* [Activity]
Go through the records and filter out every line lacking the word "norm"; copy the lines that remain.

(Dataset items)
####

text \<open>A vertex \<open>c\<close> with neighbours \<open>b, d\<close>, where \<open>b\<close> has degree 2 and \<open>d\<close> is a leaf: the other
  neighbour \<open>a\<close> of \<open>b\<close> must be a leaf too, since otherwise \<open>a\<close> and \<open>c\<close> share exactly one neighbour.\<close>

lemma weak_component_path_3:
  assumes irr: "\<forall>x. (x,x) \<notin> A" and C: "C \<in> weak_components A" and "c \<in> C"
    and fin: "\<And>u. finite (neighbours A u)" and deg: "\<And>u. card (neighbours A u) \<le> 2"
    and no_single: "\<And>b d c. b \<noteq> d \<Longrightarrow> card (neighbours A b) = 2 \<Longrightarrow> card (neighbours A d) = 2 \<Longrightarrow>
      neighbours A b \<inter> neighbours A d \<noteq> {c}"
    and nc: "neighbours A c = {b, d}" and "b \<noteq> d" and "d \<notin> neighbours A b"
    and nb2: "card (neighbours A b) = 2" and nd: "neighbours A d = {c}"
  shows "und_iso_path A C 3"
proof -
  note self = not_mem_neighbours_self[OF irr]
  have c_nb: "c \<in> neighbours A b"
    using nc neighbours_commute by fastforce
  obtain a where "a \<noteq> c" and nb: "neighbours A b = {c, a}"
    using card_2_obtain_other[OF nb2 c_nb] by blast
  have b_na: "b \<in> neighbours A a"
    using nb neighbours_commute by fastforce
  have "a \<noteq> d" "a \<noteq> b" "c \<noteq> b" "c \<noteq> d"
    using \<open>d \<notin> neighbours A b\<close> nb nc self[of b] self[of c] by auto
  have "card (neighbours A a) \<noteq> 2"
  proof
    assume na2: "card (neighbours A a) = 2"
    then obtain z where "z \<noteq> b" and na: "neighbours A a = {b, z}"
      using card_2_obtain_other[OF _ b_na] by blast
    have "z \<noteq> d"
      using na nd \<open>a \<noteq> c\<close> neighbours_commute[of d A a] by auto
    hence "neighbours A a \<inter> neighbours A c = {b}"
      using na nc \<open>z \<noteq> b\<close> by auto
    moreover have "card (neighbours A c) = 2"
      using nc \<open>b \<noteq> d\<close> by simp
    ultimately show False
      using no_single[OF \<open>a \<noteq> c\<close> na2] by blast
  qed
  moreover have "card (neighbours A a) \<noteq> 0"
    using b_na fin by auto
  ultimately have na: "neighbours A a = {b}"
    using card_le_1_eq_singleton[OF fin _ b_na] deg[of a] by simp
  have "b \<in> C" "d \<in> C"
    using neighbours_subset_weak_component[OF C \<open>c \<in> C\<close>] nc by auto
  hence "a \<in> C"
    using neighbours_subset_weak_component[OF C] nb by blast
  have "{a, b, c, d} = C"
    by (rule weak_component_eq_if_neighbours_closed[OF C])
      (use \<open>a \<in> C\<close> \<open>b \<in> C\<close> \<open>c \<in> C\<close> \<open>d \<in> C\<close> na nb nc nd in auto)
  moreover have "distinct [a, b, c, d]"
    using \<open>a \<noteq> c\<close> \<open>a \<noteq> d\<close> \<open>a \<noteq> b\<close> \<open>c \<noteq> b\<close> \<open>c \<noteq> d\<close> \<open>b \<noteq> d\<close> by auto
  ultimately show ?thesis
    using und_iso_path_3[OF _ _ na _ nc nd] nb by (simp add: insert_commute)
qed

lemma weak_component_c4:
  assumes irr: "\<forall>x. (x,x) \<notin> A" and C: "C \<in> weak_components A" and "c \<in> C"
    and fin: "\<And>u. finite (neighbours A u)" and deg: "\<And>u. card (neighbours A u) \<le> 2"
    and no_single: "\<And>b d c. b \<noteq> d \<Longrightarrow> card (neighbours A b) = 2 \<Longrightarrow> card (neighbours A d) = 2 \<Longrightarrow>
      neighbours A b \<inter> neighbours A d \<noteq> {c}"
    and nc: "neighbours A c = {b, d}" and "b \<noteq> d" and "d \<notin> neighbours A b"
    and nb2: "card (neighbours A b) = 2" and nd2: "card (neighbours A d) = 2"
  obtains a where "c4_frame A c b a d" "C = {c, b, a, d}"
    "neighbours A b = {c, a}" "neighbours A d = {c, a}"
proof -
  have "c \<in> neighbours A b" "c \<in> neighbours A d"
    using nc neighbours_commute by fastforce+
  then obtain a e where "a \<noteq> c" and nb: "neighbours A b = {c, a}"
    and "e \<noteq> c" and nd: "neighbours A d = {c, e}"
    using card_2_obtain_other nb2 nd2 by metis
  have "a \<noteq> d" "e \<noteq> b"
    using \<open>d \<notin> neighbours A b\<close> neighbours_commute[of b A d] nb nd by auto
  have "a = e"
  proof (rule ccontr)
    assume "a \<noteq> e"
    hence "neighbours A b \<inter> neighbours A d = {c}"
      using nb nd \<open>a \<noteq> d\<close> \<open>e \<noteq> b\<close> by auto
    thus False
      using no_single[OF \<open>b \<noteq> d\<close> nb2 nd2] by blast
  qed
  have "b \<in> neighbours A a" "d \<in> neighbours A a"
    using nb nd \<open>a = e\<close> neighbours_commute by fastforce+
  hence na: "neighbours A a = {b, d}"
    using card_le_2_eq_doubleton[OF fin deg] \<open>b \<noteq> d\<close> by blast
  have "c \<noteq> b" "c \<noteq> d" "a \<noteq> b"
    using \<open>c \<in> neighbours A b\<close> \<open>c \<in> neighbours A d\<close> \<open>b \<in> neighbours A a\<close>
      not_mem_neighbours_self[OF irr] by auto
  have "b \<in> C" "d \<in> C"
    using neighbours_subset_weak_component[OF C \<open>c \<in> C\<close>] nc by auto
  hence "a \<in> C"
    using neighbours_subset_weak_component[OF C] nb by blast
  have "{c, b, a, d} = C"
    by (rule weak_component_eq_if_neighbours_closed[OF C])
      (use \<open>a \<in> C\<close> \<open>b \<in> C\<close> \<open>c \<in> C\<close> \<open>d \<in> C\<close> na nb nc nd \<open>a = e\<close> in auto)
  moreover have "c4_frame A c b a d"
    unfolding c4_frame_def mem_neighbours_iff[symmetric]
    using nb nc nd na \<open>a = e\<close> \<open>a \<noteq> c\<close> \<open>a \<noteq> d\<close> \<open>a \<noteq> b\<close> \<open>c \<noteq> b\<close> \<open>c \<noteq> d\<close> \<open>b \<noteq> d\<close> by auto
  ultimately show ?thesis
    using that nb nd \<open>a = e\<close> by blast
qed

lemma neighbours_of_degree_2_nonadjacent:
  assumes irr: "\<forall>x. (x,x) \<notin> A"
    and fin: "\<And>u. finite (neighbours A u)" and deg: "\<And>u. card (neighbours A u) \<le> 2"
    and no_single: "\<And>b d c. b \<noteq> d \<Longrightarrow> card (neighbours A b) = 2 \<Longrightarrow> card (neighbours A d) = 2 \<Longrightarrow>
      neighbours A b \<inter> neighbours A d \<noteq> {c}"
    and nc: "neighbours A c = {b, d}" and "b \<noteq> d"
  shows "d \<notin> neighbours A b"
proof
  assume "d \<in> neighbours A b"
  hence "b \<in> neighbours A d"
    using neighbours_commute by metis
  have "c \<in> neighbours A b" "c \<in> neighbours A d"
    using nc neighbours_commute by fastforce+
  moreover have "c \<noteq> b" "c \<noteq> d"
    using nc not_mem_neighbours_self[OF irr, of c] by auto
  ultimately have "neighbours A b = {c, d}" "neighbours A d = {c, b}"
    using card_le_2_eq_doubleton[OF fin deg] \<open>d \<in> neighbours A b\<close> \<open>b \<in> neighbours A d\<close> by blast+
  thus False
    using no_single[OF \<open>b \<noteq> d\<close>, of c] \<open>b \<noteq> d\<close> \<open>c \<noteq> b\<close> \<open>c \<noteq> d\<close> by auto
qed
lemma min_le_powr_mult_powr:
  fixes x y \<theta> :: real
  assumes "0 \<le> x" "0 \<le> y" "0 < \<theta>" "\<theta> < 1"
  shows "min x y \<le> x powr \<theta> * y powr (1 - \<theta>)"
proof (cases "x = 0 \<or> y = 0")
  case True
  then show ?thesis using assms by auto
next
  case False
  then have "x > 0" "y > 0" using assms by auto
  then have "min x y = min x y powr \<theta> * min x y powr (1 - \<theta>)"
    by (simp add: powr_add[symmetric])
  also have "\<dots> \<le> x powr \<theta> * y powr (1 - \<theta>)"
    using \<open>x > 0\<close> \<open>y > 0\<close> assms by (intro mult_mono powr_mono2) auto
  finally show ?thesis .
qed

lemma (in sigma_finite_subalgebra) integral_abs_real_cond_exp_le:
  fixes g :: "'a \<Rightarrow> real"
  assumes gi: "integrable M g"
  shows "(\<integral>x. \<bar>real_cond_exp M F g x\<bar> \<partial>M) \<le> (\<integral>x. \<bar>g x\<bar> \<partial>M)"
proof -
  define s where "s x = sgn (real_cond_exp M F g x)" for x
  have sF [measurable]: "s \<in> borel_measurable F" unfolding s_def by measurable
  have [measurable]: "s \<in> borel_measurable M" "g \<in> borel_measurable M"
    using measurable_from_subalg[OF subalg sF] gi by auto
  have sgi: "integrable M (\<lambda>x. s x * g x)"
    by (rule Bochner_Integration.integrable_bound[OF gi]) (auto simp: s_def abs_mult sgn_real_def)
  \<comment> \<open>The sign of the conditional expectation is F-measurable, so it can be moved inside.\<close>
  have "(\<integral>x. \<bar>real_cond_exp M F g x\<bar> \<partial>M) = (\<integral>x. s x * real_cond_exp M F g x \<partial>M)"
    by (rule Bochner_Integration.integral_cong[OF refl]) (auto simp: s_def sgn_real_def)
  also have "\<dots> = (\<integral>x. s x * g x \<partial>M)"
    by (rule real_cond_exp_intg(2)) (use sgi in auto)
  also have "\<dots> \<le> (\<integral>x. \<bar>g x\<bar> \<partial>M)"
    by (rule Bochner_Integration.integral_mono) (use sgi gi in \<open>auto simp: s_def sgn_real_def\<close>)
  finally show ?thesis .
qed

lemma cond_exp_deviation_le:
  fixes f h :: "'a \<Rightarrow> real"
  assumes "sigma_finite_subalgebra M F" and fi: "integrable M f" and hi: "integrable M h"
    and hF: "h \<in> borel_measurable F"
  shows "(\<integral>x. \<bar>real_cond_exp M F f x - f x\<bar> \<partial>M) \<le> 2 * (\<integral>x. \<bar>f x - h x\<bar> \<partial>M)"
proof -
  interpret sigma_finite_subalgebra M F by fact
  define g where "g x = f x - h x" for x
  have gi: "integrable M g" unfolding g_def using fi hi by auto
  have cgi: "integrable M (real_cond_exp M F g)" using gi by (rule real_cond_exp_int(1))
  have cfi: "integrable M (real_cond_exp M F f)" using fi by (rule real_cond_exp_int(1))
  have "AE x in M. real_cond_exp M F g x = real_cond_exp M F f x - real_cond_exp M F h x"
    unfolding g_def using fi hi by (rule real_cond_exp_diff)
  moreover have "AE x in M. real_cond_exp M F h x = h x" using hi hF by (rule real_cond_exp_F_meas)
  ultimately have "AE x in M. \<bar>real_cond_exp M F f x - f x\<bar> \<le> \<bar>real_cond_exp M F g x\<bar> + \<bar>g x\<bar>"
    by eventually_elim (auto simp: g_def)
  then have "(\<integral>x. \<bar>real_cond_exp M F f x - f x\<bar> \<partial>M)
               \<le> (\<integral>x. \<bar>real_cond_exp M F g x\<bar> + \<bar>g x\<bar> \<partial>M)"
    by (rule integral_mono_AE[rotated 2]) (use cfi fi cgi gi in auto)
  also have "\<dots> = (\<integral>x. \<bar>real_cond_exp M F g x\<bar> \<partial>M) + (\<integral>x. \<bar>g x\<bar> \<partial>M)"
    using cgi gi by (intro Bochner_Integration.integral_add) auto
  also have "\<dots> \<le> 2 * (\<integral>x. \<bar>g x\<bar> \<partial>M)"
    using integral_abs_real_cond_exp_le[OF gi] by simp
  finally show ?thesis unfolding g_def .
qed

lemma square_summable_geometric_bound:
  fixes a :: "nat \<Rightarrow> real"
  assumes "\<And>i. 0 \<le> a i" "\<And>i. a i \<le> c * r ^ i" "0 \<le> r" "r < 1"
  shows "summable (\<lambda>i. (a i)\<^sup>2)" and "(\<Sum>i. (a i)\<^sup>2) \<le> c\<^sup>2 / (1 - r\<^sup>2)"
proof -
  have bound: "(a i)\<^sup>2 \<le> c\<^sup>2 * (r\<^sup>2) ^ i" for i
  proof -
    have "(a i)\<^sup>2 \<le> (c * r ^ i)\<^sup>2" by (rule power_mono[OF assms(2,1)])
    then show ?thesis by (simp add: power_mult_distrib flip: power_mult) (simp add: mult.commute)
  qed
  have r2: "r\<^sup>2 < 1" using assms(3,4) by (simp add: power_less_one_iff)
  have geom: "summable (\<lambda>i. c\<^sup>2 * (r\<^sup>2) ^ i)"
    using assms(3) r2 by (intro summable_mult summable_geometric) simp
  show "summable (\<lambda>i. (a i)\<^sup>2)"
    by (rule summable_comparison_test'[OF geom, of 0]) (use bound in simp)
  then have "(\<Sum>i. (a i)\<^sup>2) \<le> (\<Sum>i. c\<^sup>2 * (r\<^sup>2) ^ i)"
    using geom bound by (intro suminf_le) auto
  also have "\<dots> = c\<^sup>2 / (1 - r\<^sup>2)"
    using assms(3) r2 by (simp add: suminf_mult suminf_geometric divide_simps)
  finally show "(\<Sum>i. (a i)\<^sup>2) \<le> c\<^sup>2 / (1 - r\<^sup>2)" .
qed

context
  fixes p :: real
  assumes p: "0 < p" "p < 1"
begin

lemma emeasure_initial_failures:
  "emeasure (bits_space p) {X. \<forall>l\<le>t. \<not> X (u, l)} = ennreal ((1 - p) ^ (t + 1))"
proof -
  interpret product_prob_space "\<lambda>_. measure_pmf (bernoulli_pmf p)" UNIV
    by unfold_locales
  let ?J = "(\<lambda>l. (u, l)) ` {..t}"
  have "{X. \<forall>l\<le>t. \<not> X (u, l)} = {X \<in> space (bits_space p). \<forall>k\<in>?J. X k \<in> {False}}"
    by auto
  also have "emeasure (bits_space p) \<dots> = (\<Prod>k\<in>?J. emeasure (measure_pmf (bernoulli_pmf p)) {False})"
    unfolding bits_space_def by (rule emeasure_PiM_Collect) auto
  also have "\<dots> = (\<Prod>k\<in>?J. ennreal (1 - p))"
    using p by (simp add: emeasure_pmf_single)
  also have "\<dots> = ennreal ((1 - p) ^ (t + 1))"
    using p by (simp add: card_image inj_on_def ennreal_power[symmetric] del: power_Suc)
  finally show ?thesis .
qed

lemma measure_initial_failures:
  "measure (bits_space p) {X. \<forall>l\<le>t. \<not> X (u, l)} = (1 - p) ^ (t + 1)"
  using emeasure_initial_failures p unfolding measure_def by simp

lemma AE_weight_attained: "AE X in bits_space p. \<exists>l. X (v, l)"
proof (rule AE_I')
  interpret prob_space "bits_space p" by (rule prob_space_bits_space)
  let ?N = "{X. \<forall>l. \<not> X (v, l)}"
  have "{X \<in> space (bits_space p). \<forall>l. \<not> X (v, l)} \<in> sets (bits_space p)" by measurable
  then have N: "?N \<in> sets (bits_space p)" by simp
  have "measure (bits_space p) ?N \<le> (1 - p) ^ (t + 1)" for t
  proof -
    have "measure (bits_space p) ?N \<le> measure (bits_space p) {X. \<forall>l\<le>t. \<not> X (v, l)}"
      by (rule finite_measure_mono) auto
    then show ?thesis by (simp only: measure_initial_failures)
  qed
  moreover have "(\<lambda>t. (1 - p) ^ (t + 1)) \<longlonglongrightarrow> 0"
    using p by (simp add: LIMSEQ_Suc LIMSEQ_power_zero del: power_Suc)
  ultimately have "measure (bits_space p) ?N \<le> 0"
    by (intro LIMSEQ_le_const[where a = "measure (bits_space p) ?N"]) auto
  then show "?N \<in> null_sets (bits_space p)"
    using N by (simp add: emeasure_eq_measure null_sets_def measure_le_0_iff)
qed auto

lemma measure_initial_failures_inter_le:
  assumes A: "A \<in> sets (bits_space p)" and \<theta>: "0 < \<theta>" "\<theta> < 1"
  shows "measure (bits_space p) ({X. \<forall>l\<le>t. \<not> X (u, l)} \<inter> A)
           \<le> ((1 - p) powr \<theta>) ^ (t + 1) * measure (bits_space p) A powr (1 - \<theta>)"
proof -
  interpret prob_space "bits_space p" by (rule prob_space_bits_space)
  have "measure (bits_space p) ({X. \<forall>l\<le>t. \<not> X (u, l)} \<inter> A)
          \<le> min ((1 - p) ^ (t + 1)) (measure (bits_space p) A)"
  proof (rule min.boundedI)
    show "measure (bits_space p) ({X. \<forall>l\<le>t. \<not> X (u, l)} \<inter> A) \<le> (1 - p) ^ (t + 1)"
      using finite_measure_mono[of "{X. \<forall>l\<le>t. \<not> X (u, l)} \<inter> A" "{X. \<forall>l\<le>t. \<not> X (u, l)}"]
      by (simp add: measure_initial_failures)
    show "measure (bits_space p) ({X. \<forall>l\<le>t. \<not> X (u, l)} \<inter> A) \<le> measure (bits_space p) A"
      using A by (intro finite_measure_mono) auto
  qed
  also have "\<dots> \<le> ((1 - p) ^ (t + 1)) powr \<theta> * measure (bits_space p) A powr (1 - \<theta>)"
    using p \<theta> by (intro min_le_powr_mult_powr) auto
  also have "((1 - p) ^ (t + 1)) powr \<theta> = ((1 - p) powr \<theta>) ^ (t + 1)"
    using p by (simp add: powr_realpow[symmetric] powr_powr mult.commute del: of_nat_Suc power_Suc)
  finally show ?thesis .
qed

lemma nn_integral_excess_weight_le:
  assumes A: "A \<in> sets (bits_space p)" and \<theta>: "0 < \<theta>" "\<theta> < 1"
  defines "r \<equiv> (1 - p) powr \<theta>"
  shows "(\<integral>\<^sup>+X. ennreal (real (weight X u - m) * indicator A X) \<partial>bits_space p)
           \<le> ennreal (measure (bits_space p) A powr (1 - \<theta>) * r ^ (m + 1) / (1 - r))"
proof -
  interpret prob_space "bits_space p" by (rule prob_space_bits_space)
  let ?M = "bits_space p" and ?P = "measure (bits_space p) A powr (1 - \<theta>)"
  define Z where "Z j = {X. \<forall>l\<le>m + j. \<not> X (u, l)} \<inter> A" for j
  have Z [measurable]: "Z j \<in> sets ?M" for j unfolding Z_def using A by auto
  have r: "0 < r" "r < 1" unfolding r_def using p \<theta> powr_less_mono2[of \<theta> "1 - p" 1] by auto
  have "(\<integral>\<^sup>+X. ennreal (real (weight X u - m) * indicator A X) \<partial>?M)
          \<le> (\<integral>\<^sup>+X. (\<Sum>j. indicator (Z j) X) \<partial>?M)"
    unfolding Z_def by (intro nn_integral_mono excess_weight_le_suminf_failures)
  also have "\<dots> = (\<Sum>j. emeasure ?M (Z j))"
    by (simp add: nn_integral_suminf)
  also have "\<dots> \<le> (\<Sum>j. ennreal (?P * r ^ (m + 1) * r ^ j))"
  proof (intro suminf_le allI)
    fix j
    have "measure ?M (Z j) \<le> ?P * r ^ (m + 1) * r ^ j"
      using measure_initial_failures_inter_le[OF A \<theta>, of "m + j" u]
      unfolding Z_def r_def by (simp add: power_add mult_ac)
    then show "emeasure ?M (Z j) \<le> ennreal (?P * r ^ (m + 1) * r ^ j)"
      by (simp add: emeasure_eq_measure ennreal_leI)
  qed auto
  also have "\<dots> = ennreal (\<Sum>j. ?P * r ^ (m + 1) * r ^ j)"
    using r by (intro suminf_ennreal2) (auto intro: summable_mult summable_geometric)
  also have "(\<Sum>j. ?P * r ^ (m + 1) * r ^ j) = ?P * r ^ (m + 1) / (1 - r)"
    using r by (simp add: suminf_mult suminf_geometric summable_geometric divide_simps)
  finally show ?thesis .
qed

lemma integrable_weight: "integrable (bits_space p) (\<lambda>X. real (weight X u))"
proof (rule integrableI_nonneg)
  let ?M = "bits_space p"
  have "(\<integral>\<^sup>+X. ennreal (real (weight X u)) \<partial>?M)
          = (\<integral>\<^sup>+X. ennreal (real (weight X u - 0) * indicator (space ?M) X) \<partial>?M)"
    by simp
  also have "\<dots> \<le> ennreal (measure ?M (space ?M) powr (1 - 1/2) * ((1 - p) powr (1/2)) ^ (0 + 1)
                           / (1 - (1 - p) powr (1/2)))"
    using sets.top[of ?M] by (intro nn_integral_excess_weight_le) auto
  also have "\<dots> < \<infinity>" by simp
  finally show "(\<integral>\<^sup>+X. ennreal (real (weight X u)) \<partial>?M) < \<infinity>" .
qed auto

lemma integrable_path_weight: "integrable (bits_space p) (\<lambda>X. path_weight X \<gamma>)"
  by (induction \<gamma>) (auto simp: path_weight_def integrable_weight)

lemma integrable_passage_time: "integrable (bits_space p) (passage_time n)"
proof (rule Bochner_Integration.integrable_bound)
  show "integrable (bits_space p) (\<lambda>X. \<Sum>\<gamma>\<in>{\<gamma>. up_right_path n \<gamma>}. path_weight X \<gamma>)"
    by (auto simp: integrable_path_weight)
  show "AE X in bits_space p.
          norm (passage_time n X) \<le> norm (\<Sum>\<gamma>\<in>{\<gamma>. up_right_path n \<gamma>}. path_weight X \<gamma>)"
  proof (rule AE_I2)
    fix X
    show "norm (passage_time n X) \<le> norm (\<Sum>\<gamma>\<in>{\<gamma>. up_right_path n \<gamma>}. path_weight X \<gamma>)"
      using passage_time_le_sum_path_weight[of n X] passage_time_nonneg[of n X]
      by simp
  qed
qed measurable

####

* [Output for this exercise]
          norm (passage_time n X) \<le> norm (\<Sum>\<gamma>\<in>{\<gamma>. up_right_path n \<gamma>}. path_weight X \<gamma>)"
    show "norm (passage_time n X) \<le> norm (\<Sum>\<gamma>\<in>{\<gamma>. up_right_path n \<gamma>}. path_weight X \<gamma>)"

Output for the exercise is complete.